→ **Exercise prompt**
Where the line with "ultimately show ?thesis using that" appears below, start writing out lines exactly, and finish with the line with "C assms by auto", which is included; write out nothing else.

(Excerpts from a dataset)

== Segment start ==

lemma stratum_antimono: "b < c \<Longrightarrow> y \<in> stratum s c \<Longrightarrow> y \<in> stratum s b"
  unfolding stratum_def by simp

end

locale monotone_map_on_model = stratified_model R
  for R :: "'i::wellorder \<Rightarrow> 'a::complete_lattice \<Rightarrow> 'a \<Rightarrow> bool" +
  fixes f :: "'a \<Rightarrow> 'a"
  assumes mono: "\<And>a. mono_at R a f"
begin

lemma mono_at_f: "R a x y \<Longrightarrow> R a (f x) (f y)"
  using mono unfolding mono_at_def by blast

lemma eq_at_f: "eq_at R a x y \<Longrightarrow> eq_at R a (f x) (f y)"
  unfolding eq_at_def using mono_at_f by blast

definition least_prefixed_at :: "'a set \<Rightarrow> 'i \<Rightarrow> 'a \<Rightarrow> bool" where
  "least_prefixed_at D a = lub_at D a {w\<in>D. \<forall>p\<in>D. R a (f p) p \<longrightarrow> R a w p}"

lemma least_prefixed_at_le:
  "least_prefixed_at D a y \<Longrightarrow> p \<in> D \<Longrightarrow> R a (f p) p \<Longrightarrow> R a y p"
  unfolding least_prefixed_at_def lub_at_def by auto
text \<open>Shortcutting at the first return to a vertex keeps the walk an s-arc, so every
  reachable vertex is reached by an s-arc.\<close>

lemma rtrancl_imp_s_arc:
  assumes "(x, y) \<in> (arc_rel D)\<^sup>*" "x \<in> verts D"
  shows "\<exists>p. s_arc D p \<and> hd p = x \<and> last p = y \<and> distinct p"
  using assms(1)
proof (induction rule: rtrancl_induct)
  case base
  then show ?case using assms(2) by (intro exI[of _ "[x]"]) (simp add: s_arc_def)
next
  case (step y z)
  then obtain p where p: "s_arc D p" "hd p = x" "last p = y" "distinct p" by blast
  have yz: "(y, z) \<in> edges D" "z \<in> verts D" using step(2) by (auto simp: arc_rel_def)
  have pne: "p \<noteq> []" using p by (simp add: s_arc_def)
  show ?case
  proof (cases "z \<in> set p")
    case True
    then obtain k where k: "k < length p" "p ! k = z" by (meson in_set_conv_nth)
    have "s_arc D (take (Suc k) p)" using s_arc_take[OF p(1)] k by simp
    moreover have "last (take (Suc k) p) = z" using k by (simp add: take_Suc_conv_app_nth)
    ultimately show ?thesis using p pne by (intro exI[of _ "take (Suc k) p"]) simp
  next
    case False
    then show ?thesis using s_arc_snoc[OF p(1)] p yz pne by (intro exI[of _ "p @ [z]"]) simp
  qed
qed

lemma desc_eq_rtrancl: "desc D x = (if x \<in> verts D then (arc_rel D)\<^sup>* `` {x} else {})"
proof -
  have hd_verts: "s_arc D p \<Longrightarrow> hd p \<in> verts D" for p
    unfolding s_arc_def by (metis hd_in_set subsetD)
  show ?thesis
  proof (cases "x \<in> verts D")
    case True
    have "desc D x \<subseteq> (arc_rel D)\<^sup>* `` {x}"
      unfolding desc_def using s_arc_rtrancl by fastforce
    moreover have "(arc_rel D)\<^sup>* `` {x} \<subseteq> desc D x"
    proof
      fix y assume "y \<in> (arc_rel D)\<^sup>* `` {x}"
      then obtain p where "s_arc D p" "hd p = x" "last p = y" using rtrancl_imp_s_arc[OF _ True] by blast
      then show "y \<in> desc D x" unfolding desc_def by blast
    qed
    ultimately show ?thesis using True by auto
  next
    case False
    then show ?thesis unfolding desc_def using hd_verts by auto
  qed
qed

lemma verts_induced[simp]: "verts (induced D A) = A" by (simp add: induced_def verts_def)
lemma edges_induced[simp]: "edges (induced D A) = edges D \<inter> (A \<times> A)" by (simp add: induced_def edges_def)
lemma arc_rel_subset: "arc_rel D \<subseteq> verts D \<times> verts D" by (auto simp: arc_rel_def)

lemma rtrancl_stays_in: assumes "R \<subseteq> V \<times> V" "(x, y) \<in> R\<^sup>*" "x \<in> V" shows "y \<in> V"
  using assms(2,3) by (induction rule: rtrancl_induct) (use assms(1) in auto)

lemma desc_subset_verts: "desc D x \<subseteq> verts D"
  using rtrancl_stays_in[OF arc_rel_subset[of D], of x] by (auto simp: desc_eq_rtrancl)

lemma desc_refl: "x \<in> verts D \<Longrightarrow> x \<in> desc D x"
  by (simp add: desc_eq_rtrancl)

lemma desc_trans: "y \<in> desc D x \<Longrightarrow> desc D y \<subseteq> desc D x"
  using desc_subset_verts[of D x] by (auto simp: desc_eq_rtrancl split: if_splits intro: rtrancl_trans)

lemma desc_set_subset_verts: "desc_set D X \<subseteq> verts D"
  unfolding desc_set_def using desc_subset_verts[of D] by blast

lemma desc_closed_desc_set: "desc_closed (desc_set D X) D"
proof -
  have "\<forall>a\<in>desc_set D X. desc D a \<subseteq> desc_set D X"
  proof
    fix a assume "a \<in> desc_set D X"
    then obtain x where "x \<in> X" "a \<in> desc D x" unfolding desc_set_def by blast
    then show "desc D a \<subseteq> desc_set D X" using desc_trans[of a D x] unfolding desc_set_def by blast
  qed
  then show ?thesis unfolding desc_closed_def using desc_set_subset_verts[of D X] by blast
qed
lemma chromatic_poly_biclique:
  assumes "is_biclique j k V E"
  shows "chromatic_poly V E = falling_poly k * matching_factor j k (compl_edges V E)"
proof -
  from assms obtain A B where graph: "simple_graph V E" and split: "A \<inter> B = {}" "V = A \<union> B"
    and card: "card A = j" "card B = k"
    and cliques: "\<forall>u\<in>A. \<forall>v\<in>A. u \<noteq> v \<longrightarrow> {u, v} \<in> E" "\<forall>u\<in>B. \<forall>v\<in>B. u \<noteq> v \<longrightarrow> {u, v} \<in> E"
    unfolding is_biclique_def by blast
  interpret biclique_split V E A B using graph split cliques by unfold_locales auto
  have card_V: "card V = j + k"
    using split card finite_V by (simp add: card_Un_disjoint)
  let ?m = "\<lambda>i. real (num_matchings (compl_edges V E) i)"
  show ?thesis
  proof (rule chromatic_poly_eqI)
    fix n
    have "real (card (proper_colourings V E n)) = (\<Sum>i\<le>j. ?m i * ffact (real n) (k + (j - i)))"
      unfolding card_proper_colourings card(1) of_nat_sum of_nat_mult of_nat_prod_diff
      by (intro sum.cong refl) (simp add: card_V add.commute[of j k])
    also have "\<dots> = poly (falling_poly k * matching_factor j k (compl_edges V E)) (real n)"
      unfolding ffact_add poly_mult poly_matching_factor poly_falling_poly sum_distrib_left
      by (simp add: mult_ac)
    finally show "poly (falling_poly k * matching_factor j k (compl_edges V E)) (real n)
        = real (card (proper_colourings V E n))" by simp
  qed
qed

lemma poly_biclique_factor:
  assumes "is_biclique j k V E" "chromatic_poly V E = falling_poly k * g"
  shows "poly g x = (\<Sum>i\<le>j. real (num_matchings (compl_edges V E) i) * ffact (x - real k) (j - i))"
proof -
  have "g = matching_factor j k (compl_edges V E)"
    using chromatic_poly_biclique[OF assms(1)] assms(2) falling_poly_nonzero[of k] by simp
  then show ?thesis by (simp add: poly_matching_factor)
qed

lemma reflected_ffact_split:
  fixes c x :: "'a::field_char_0"
  assumes "l \<le> j"
  shows "(-1) ^ (j - l) * ffact (c - x - of_nat kH) (j - l)
    = (\<Sum>t\<le>j - l. of_nat ((j - l) choose t) * ffact (x - of_nat kG) (j - l - t)
         * ffact (of_nat kG + of_nat kH + of_nat j - c - of_nat l - 1) t)"
proof -
  have "(-1) ^ (j - l) * ffact (c - x - of_nat kH) (j - l)
      = ffact ((x - of_nat kG) + (of_nat kG + of_nat kH + of_nat j - c - of_nat l - 1)) (j - l)"
    unfolding ffact_reflect using assms by (simp add: of_nat_diff algebra_simps)
  then show ?thesis by (simp only: ffact_vandermonde)
qed

lemma reflected_ffact_expansion:
  fixes m :: "nat \<Rightarrow> 'a::field_char_0" and c x :: 'a and j kG kH :: nat
  defines "a \<equiv> \<lambda>l. of_nat kG + of_nat kH + of_nat j - c - of_nat l - 1"
  shows "(-1) ^ j * (\<Sum>l\<le>j. m l * ffact (c - x - of_nat kH) (j - l))
    = (\<Sum>i\<le>j. (\<Sum>l=0..i. (-1) ^ l * m l * of_nat ((j - l) choose (j - i)) * ffact (a l) (i - l))
        * ffact (x - of_nat kG) (j - i))"
proof -
  define F where "F l t = (-1) ^ l * m l * of_nat ((j - l) choose t) * ffact (a l) t
    * ffact (x - of_nat kG) (j - l - t)" for l t
  have "(-1) ^ j * (\<Sum>l\<le>j. m l * ffact (c - x - of_nat kH) (j - l)) = (\<Sum>l\<le>j. \<Sum>t\<le>j - l. F l t)"
    unfolding sum_distrib_left
  proof (intro sum.cong refl)
    fix l assume "l \<in> {..j}"
    then have lj: "l \<le> j" by simp
    then have "(-1 :: 'a) ^ j = (-1) ^ l * (-1) ^ (j - l)" by (simp flip: power_add)
    then show "(-1) ^ j * (m l * ffact (c - x - of_nat kH) (j - l)) = (\<Sum>t\<le>j - l. F l t)"
      using reflected_ffact_split[OF lj, of c x kH kG]
      by (simp add: F_def a_def sum_distrib_left mult_ac)
  qed
  also have "\<dots> = (\<Sum>(l, t)\<in>{(l, t). l + t \<le> j}. F l t)"
    by (simp add: pairs_le_eq_Sigma sum.Sigma)
  also have "\<dots> = (\<Sum>i\<le>j. \<Sum>l\<le>i. F l (i - l))"
    by (rule sum.triangle_reindex_eq)
  also have "\<dots> = (\<Sum>i\<le>j. (\<Sum>l=0..i. (-1) ^ l * m l * of_nat ((j - l) choose (j - i)) * ffact (a l) (i - l))
        * ffact (x - of_nat kG) (j - i))"
    unfolding sum_distrib_right atMost_atLeast0
  proof (intro sum.cong refl)
    fix i l assume "i \<in> {0..j}" "l \<in> {0..i}"
    then have "l \<le> i" "i \<le> j" by auto
    then show "F l (i - l) = (-1) ^ l * m l * of_nat ((j - l) choose (j - i)) * ffact (a l) (i - l)
        * ffact (x - of_nat kG) (j - i)"
      using binomial_symmetric[of "i - l" "j - l"] by (simp add: F_def)
  qed
  finally show ?thesis .
qed

text \<open>The main theorem: after writing \<open>g(x)\<close> and \<open>(-1)\<^sup>j h(c - x)\<close> in the same falling factorial
  basis, the polynomial identity is equivalent to equality of coefficients.\<close>
theorem mainTheorem3:
  fixes VG :: "'a set" and EG :: "'a set set"
    and VH :: "'b set" and EH :: "'b set set"
    and j kG kH :: nat and c :: int and g h :: "real poly"
  assumes "1 \<le> j" "j \<le> kG" "kG \<le> kH"
    and "is_biclique j kG VG EG" and "is_biclique j kH VH EH"
    and "chromatic_poly VG EG = falling_poly kG * g"
    and "chromatic_poly VH EH = falling_poly kH * h"
  shows "g = smult ((-1) ^ j) (pcompose h [:of_int c, -1:]) \<longleftrightarrow>
    (\<forall>i\<le>j. int (num_matchings (compl_edges VG EG) i) =
       (\<Sum>l=0..i. (-1) ^ l * int (num_matchings (compl_edges VH EH) l)
          * int ((j - l) choose (j - i))
          * falling_int (int kG + int kH + int j - c - int l - 1) (i - l)))"
    (is "_ \<longleftrightarrow> (\<forall>i\<le>j. int (?mG i) = ?rhs i)")
proof -
  define mH where "mH l = real (num_matchings (compl_edges VH EH) l)" for l
  have g: "poly g x = (\<Sum>i\<le>j. real (?mG i) * ffact (x - real kG) (j - i))" for x
    by (rule poly_biclique_factor[OF assms(4,6)])
  have rhs_real: "real_of_int (?rhs i) = (\<Sum>l=0..i. (-1) ^ l * mH l * of_nat ((j - l) choose (j - i))
      * ffact (of_nat kG + of_nat kH + of_nat j - of_int c - of_nat l - 1) (i - l))" for i
    by (simp add: mH_def falling_int_eq_ffact of_int_ffact)
  have h_reflected: "(-1) ^ j * poly h (of_int c - x)
      = (\<Sum>i\<le>j. real_of_int (?rhs i) * ffact (x - real kG) (j - i))" for x
  proof -
    have "poly h (of_int c - x) = (\<Sum>l\<le>j. mH l * ffact (of_int c - x - of_nat kH) (j - l))"
      using poly_biclique_factor[OF assms(5,7)] by (simp add: mH_def)
    then show ?thesis unfolding rhs_real by (simp only: reflected_ffact_expansion)
  qed
  have "g = smult ((-1) ^ j) (pcompose h [:of_int c, -1:])
      \<longleftrightarrow> (\<forall>x. poly g x = (-1) ^ j * poly h (of_int c - x))"
    by (simp add: poly_eq_poly_eq_iff[symmetric] fun_eq_iff poly_pcompose)
  also have "\<dots> \<longleftrightarrow> (\<forall>i\<le>j. real (?mG i) = real_of_int (?rhs i))"
    unfolding g h_reflected by (rule ffact_expansion_eq_iff)
  also have "\<dots> \<longleftrightarrow> (\<forall>i\<le>j. int (?mG i) = ?rhs i)"
  proof -
    have "real n = real_of_int r \<longleftrightarrow> int n = r" for n r
      by (metis of_int_eq_iff of_int_of_nat_eq)
    then show ?thesis by (simp only:)
  qed
  finally show ?thesis .
qed

end
lemma coord_space_mono: "S \<subseteq> T \<Longrightarrow> coord_space S \<subseteq> coord_space T"
  unfolding coord_space_def by auto

lemma csub_coord_space: "csub (coord_space S)"
  unfolding csub_def cs.subspace_def by (auto simp: coord_space_def cscale_def)

lemma csub_zero: "csub {0}"
  by (simp add: zero_eq_coord_space csub_coord_space)

lemma csub_Vsp: "csub (Vsp N)"
  by (simp add: Vsp_eq_coord_space csub_coord_space)

lemma csub_Int: "csub U \<Longrightarrow> csub W \<Longrightarrow> csub (U \<inter> W)"
  unfolding csub_def by (rule cs.subspace_inter)

lemma csub_ssum: "csub U \<Longrightarrow> csub W \<Longrightarrow> csub (ssum U W)"
  unfolding csub_def ssum_def by (rule cs.subspace_sums)

lemma csub_span: "csub (cs.span X)"
  by (simp add: csub_def)

lemma inj_unit_vec: "inj unit_vec"
  unfolding inj_def unit_vec_def fun_eq_iff by (metis one_neq_zero)

lemma span_unit_vec:
  assumes "finite S" shows "cs.span (unit_vec ` S) = coord_space S"
proof
  show "cs.span (unit_vec ` S) \<subseteq> coord_space S"
    by (rule cs.span_minimal) (use csub_coord_space[of S] in \<open>auto simp: csub_def unit_vec_def coord_space_def\<close>)
  show "coord_space S \<subseteq> cs.span (unit_vec ` S)"
  proof
    fix v assume v: "v \<in> coord_space S"
    have "v = (\<Sum>k\<in>S. cscale (v k) (unit_vec k))"
      using v assms by (auto simp: fun_eq_iff sum_fun_apply cscale_def unit_vec_def coord_space_def
          if_distrib cong: if_cong)
    also have "\<dots> \<in> cs.span (unit_vec ` S)"
      by (intro cs.span_sum cs.span_scale cs.span_base) auto
    finally show "v \<in> cs.span (unit_vec ` S)" .
  qed
qed

lemma independent_unit_vec: "cs.independent (unit_vec ` S)"
proof
  assume "cs.dependent (unit_vec ` S)"
  then obtain T u where T: "finite T" "T \<subseteq> unit_vec ` S" and u: "(\<Sum>v\<in>T. cscale (u v) v) = 0"
    and "\<exists>v\<in>T. u v \<noteq> 0"
    unfolding cs.dependent_explicit by blast
  then obtain k where k: "unit_vec k \<in> T" "u (unit_vec k) \<noteq> 0" using T by blast
  have "(\<Sum>v\<in>T. cscale (u v) v) k = (\<Sum>v\<in>T. if v = unit_vec k then u v else 0)"
    unfolding sum_fun_apply
    by (intro sum.cong) (auto simp: cscale_def unit_vec_def dest!: subsetD[OF T(2)] split: if_splits)
  also have "\<dots> = u (unit_vec k)" using T k by simp
  finally show False using u k by simp
qed

lemma cdim_coord_space:
  assumes "finite S" shows "cdim (coord_space S) = card S"
proof -
  have "cdim (coord_space S) = card (unit_vec ` S)"
    unfolding cdim_def span_unit_vec[OF assms, symmetric]
    by (rule cs.dim_span_eq_card_independent[OF independent_unit_vec])
  also have "\<dots> = card S" by (rule card_image) (meson inj_unit_vec inj_on_subset subset_UNIV)
  finally show ?thesis .
qed

lemma cdim_zero: "cdim {0} = 0"
  by (simp add: zero_eq_coord_space cdim_coord_space)

lemma independent_Vsp_bound:
  assumes "cs.independent X" "X \<subseteq> Vsp N" shows "finite X \<and> card X \<le> N"
proof -
  have "finite X \<and> card X \<le> card (unit_vec ` {..<N})"
    by (rule cs.independent_span_bound)
       (use assms span_unit_vec[of "{..<N}"] in \<open>auto simp: Vsp_eq_coord_space\<close>)
  then show ?thesis by (simp add: card_image inj_on_subset[OF inj_unit_vec])
qed

lemma obtain_basis_Vsp:
  assumes "csub U" "U \<subseteq> Vsp N"
  obtains B where "finite B" "cs.independent B" "cs.span B = U" "card B = cdim U"
proof -
  obtain B where B: "B \<subseteq> U" "cs.independent B" "U \<subseteq> cs.span B" "card B = cs.dim U"
    by (rule cs.basis_exists)
  have "cs.span B = U"
    using B assms(1) cs.span_minimal[OF B(1)] by (auto simp: csub_def)
  moreover have "finite B" using independent_Vsp_bound[of B N] B assms by auto
  ultimately show ?thesis using that B by (simp add: cdim_def)
qed

lemma independent_card_le_cdim:
  assumes "X \<subseteq> U" "cs.independent X" "U \<subseteq> Vsp N"
  shows "card X \<le> cdim U"
proof -
  obtain C where C: "X \<subseteq> C" "C \<subseteq> U" "cs.independent C" "U \<subseteq> cs.span C"
    using cs.maximal_independent_subset_extend assms by blast
  have "finite C" using independent_Vsp_bound[of C N] C assms by auto
  moreover have "card C = cdim U" using cs.basis_card_eq_dim[of C U] C by (simp add: cdim_def)
  ultimately show ?thesis using C card_mono by metis
qed

lemma cdim_mono:
  assumes "U \<subseteq> W" "csub U" "W \<subseteq> Vsp N"
  shows "cdim U \<le> cdim W"
proof -
  obtain B where "cs.independent B" "cs.span B = U" "card B = cdim U"
    using obtain_basis_Vsp[OF assms(2) subset_trans[OF assms(1,3)]] by blast
  then show ?thesis
    using independent_card_le_cdim[of B W N] assms cs.span_superset[of B] by auto
qed

lemma subspace_eq_if_cdim_le:
  assumes "csub U" "U \<subseteq> W" "W \<subseteq> Vsp N" "cdim W \<le> cdim U"
  shows "U = W"
proof (rule ccontr)
  assume "U \<noteq> W"
  then obtain w where w: "w \<in> W" "w \<notin> U" using assms by auto
  obtain B where B: "finite B" "cs.independent B" "cs.span B = U" "card B = cdim U"
    using obtain_basis_Vsp[OF assms(1) subset_trans[OF assms(2,3)]] by blast
  have "w \<notin> B" using w B cs.span_superset by blast
  have "cs.independent (insert w B)" using B w cs.independent_insertI by simp
  moreover have "insert w B \<subseteq> W" using B w assms cs.span_superset by blast
  ultimately have "card (insert w B) \<le> cdim W" using independent_card_le_cdim assms by blast
  then show False using B \<open>w \<notin> B\<close> assms(4) by simp
qed

lemma ssum_least: "csub W \<Longrightarrow> U \<subseteq> W \<Longrightarrow> U' \<subseteq> W \<Longrightarrow> ssum U U' \<subseteq> W"
  unfolding csub_def ssum_def using cs.subspace_add by blast

lemma ssum_upper1: "csub U' \<Longrightarrow> U \<subseteq> ssum U U'"
proof
  fix x assume "csub U'" "x \<in> U"
  then have "x = x + 0 \<and> x \<in> U \<and> 0 \<in> U'" unfolding csub_def using cs.subspace_0 by auto
  then show "x \<in> ssum U U'" unfolding ssum_def by blast
qed

lemma ssum_upper2: "csub U \<Longrightarrow> U' \<subseteq> ssum U U'"
  unfolding csub_def ssum_def using cs.subspace_0 by force

lemma ssum_commute: "ssum U W = ssum W U"
  unfolding ssum_def by (metis (no_types, lifting) add.commute)

lemma ssum_assoc: "ssum U (ssum H L) = ssum (ssum U H) L"
  unfolding ssum_def by (auto, metis add.assoc, metis add.assoc)

lemma ssum_span: "ssum (cs.span X) (cs.span Y) = cs.span (X \<union> Y)"
  unfolding ssum_def cs.span_Un ..

lemma cdim_add_line:
  assumes "csub X" "X \<subseteq> Vsp N" "v \<notin> X"
  shows "cdim (ssum X (cs.span {v})) = cdim X + 1"
proof -
  obtain B where B: "finite B" "cs.independent B" "cs.span B = X" "card B = cdim X"
    using obtain_basis_Vsp[OF assms(1,2)] by blast
  have "v \<notin> B" using B assms(3) cs.span_superset by blast
  have "ssum X (cs.span {v}) = cs.span (insert v B)"
    using ssum_span[of B "{v}"] B by simp
  moreover have "cs.independent (insert v B)" using B assms(3) cs.independent_insertI by simp
  ultimately show ?thesis
    using cs.dim_span_eq_card_independent B \<open>v \<notin> B\<close> by (simp add: cdim_def)
qed

lemma span_subset_Vsp: "X \<subseteq> Vsp N \<Longrightarrow> cs.span X \<subseteq> Vsp N"
  using cs.span_minimal csub_Vsp[of N] by (simp add: csub_def)

lemma span_insert_decomp: "v \<in> cs.span (insert x X) \<Longrightarrow> \<exists>k. v - cscale k x \<in> cs.span X"
  using cs.span_insert by auto

lemma ssum_span_insert_absorb:
  assumes S: "csub S" and x: "x \<in> ssum S (cs.span X)"
  shows "ssum S (cs.span (insert x X)) = ssum S (cs.span X)"
proof -
  have SY: "csub (ssum S (cs.span X))" using S csub_ssum csub_span by blast
  have "cs.span (insert x X) \<subseteq> ssum S (cs.span X)"
    using x SY ssum_upper2[OF S, of "cs.span X"] cs.span_superset[of X]
    by (intro cs.span_minimal) (auto simp: csub_def)
  then show ?thesis
    using cs.span_mono[of X "insert x X"] ssum_least[OF SY ssum_upper1[OF csub_span]]
    unfolding ssum_def by blast
qed

lemma Int_span_insert_in_ssum:
  assumes S: "csub S" and sy: "x = s + y" "s \<in> S" "y \<in> cs.span X"
  shows "S \<inter> cs.span (insert x X) = ssum (S \<inter> cs.span X) (cs.span {s})"
proof
  let ?Y = "cs.span X" and ?Y' = "cs.span (insert x X)"
  show "S \<inter> ?Y' \<subseteq> ssum (S \<inter> ?Y) (cs.span {s})"
  proof
    fix v assume v: "v \<in> S \<inter> ?Y'"
    then obtain k where k: "v - cscale k x \<in> ?Y" using span_insert_decomp by blast
    have "v - cscale k s = (v - cscale k x) + cscale k y"
      using sy by (simp add: cscale_def fun_eq_iff algebra_simps)
    then have "v - cscale k s \<in> ?Y" using cs.span_add[OF k cs.span_scale[OF sy(3)]] by metis
    moreover have "v - cscale k s \<in> S"
      using v sy S cs.subspace_diff cs.subspace_scale unfolding csub_def by blast
    moreover have "cscale k s \<in> cs.span {s}" by (simp add: cs.span_base cs.span_scale)
    moreover have "v = (v - cscale k s) + cscale k s" by simp
    ultimately show "v \<in> ssum (S \<inter> ?Y) (cs.span {s})" unfolding ssum_def by blast
  qed
  have "x \<in> ?Y'" by (rule cs.span_base) simp
  moreover have "y \<in> ?Y'" using sy(3) cs.span_mono[of X "insert x X"] by blast
  ultimately have "s \<in> ?Y'" using cs.span_diff sy(1) by fastforce
  then show "ssum (S \<inter> ?Y) (cs.span {s}) \<subseteq> S \<inter> ?Y'"
    using csub_Int[OF S csub_span] cs.span_mono[of X "insert x X"] sy(2)
    by (intro ssum_least cs.span_minimal) (auto simp: csub_def)
qed

lemma Int_span_insert_notin_ssum:
  assumes S: "csub S" and x: "x \<notin> ssum S (cs.span X)"
  shows "S \<inter> cs.span (insert x X) = S \<inter> cs.span X"
proof -
  have "v \<in> cs.span X" if v: "v \<in> S \<inter> cs.span (insert x X)" for v
  proof -
    obtain k where k: "v - cscale k x \<in> cs.span X" using v span_insert_decomp by blast
    show ?thesis
    proof (cases "k = 0")
      case True then show ?thesis using k by simp
    next
      case False
      have "cscale k x = v + - (v - cscale k x)" by simp
      also have "\<dots> \<in> ssum S (cs.span X)" using v k cs.span_neg unfolding ssum_def by blast
      finally have "cscale (inverse k) (cscale k x) \<in> ssum S (cs.span X)"
        using csub_ssum[OF S csub_span] cs.subspace_scale unfolding csub_def by blast
      then show ?thesis using x False by (simp add: cs.scale_scale)
    qed
  qed
  then show ?thesis using cs.span_mono[of X "insert x X"] by blast
qed
theorem theorem3p8:
  fixes V :: "'a set" and E :: "'a \<Rightarrow> 'a \<Rightarrow> bool"
  assumes "finite_simple_graph V E"
  shows "\<exists>G :: nat monoid. group G \<and> finite (carrier G) \<and> cyclic_group G \<and>
           squarefree (order G) \<and>
           induced_subgraph_iso V E (diff_verts G) (diff_edge G)"
proof -
  obtain L :: "'a graph_label set"
    where "finite L" and graph: "induced_subgraph_iso V E (overlap_verts L) overlapping"
    using finite_graph_induced_in_overlap_graph[OF assms] by blast
  obtain n where "0 < n" "squarefree n" and overlap:
    "induced_subgraph_iso (overlap_verts L) overlapping
       (diff_verts (nat_mod_group n)) (diff_edge (nat_mod_group n))"
    using overlap_graph_induced_in_diff_graph[OF \<open>finite L\<close>] by blast
  show ?thesis
  proof (intro exI conjI)
    show "group (nat_mod_group n)" "cyclic_group (nat_mod_group n)"
      using \<open>0 < n\<close> by (rule group_nat_mod_group, rule cyclic_nat_mod_group)
    show "finite (carrier (nat_mod_group n))" "squarefree (order (nat_mod_group n))"
      using \<open>squarefree n\<close> by (simp_all add: order_nat_mod_group)
    show "induced_subgraph_iso V E (diff_verts (nat_mod_group n)) (diff_edge (nat_mod_group n))"
      using graph overlap by (rule induced_subgraph_iso_trans)
  qed
qed

end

== Segment end ==

→ **Your solution**
  ultimately show ?thesis using that B by (simp add: cdim_def)
qed

lemma independent_card_le_cdim:
  assumes "X \<subseteq> U" "cs.independent X" "U \<subseteq> Vsp N"
  shows "card X \<le> cdim U"
proof -
  obtain C where C: "X \<subseteq> C" "C \<subseteq> U" "cs.independent C" "U \<subseteq> cs.span C"
    using cs.maximal_independent_subset_extend assms by blast
  have "finite C" using independent_Vsp_bound[of C N] C assms by auto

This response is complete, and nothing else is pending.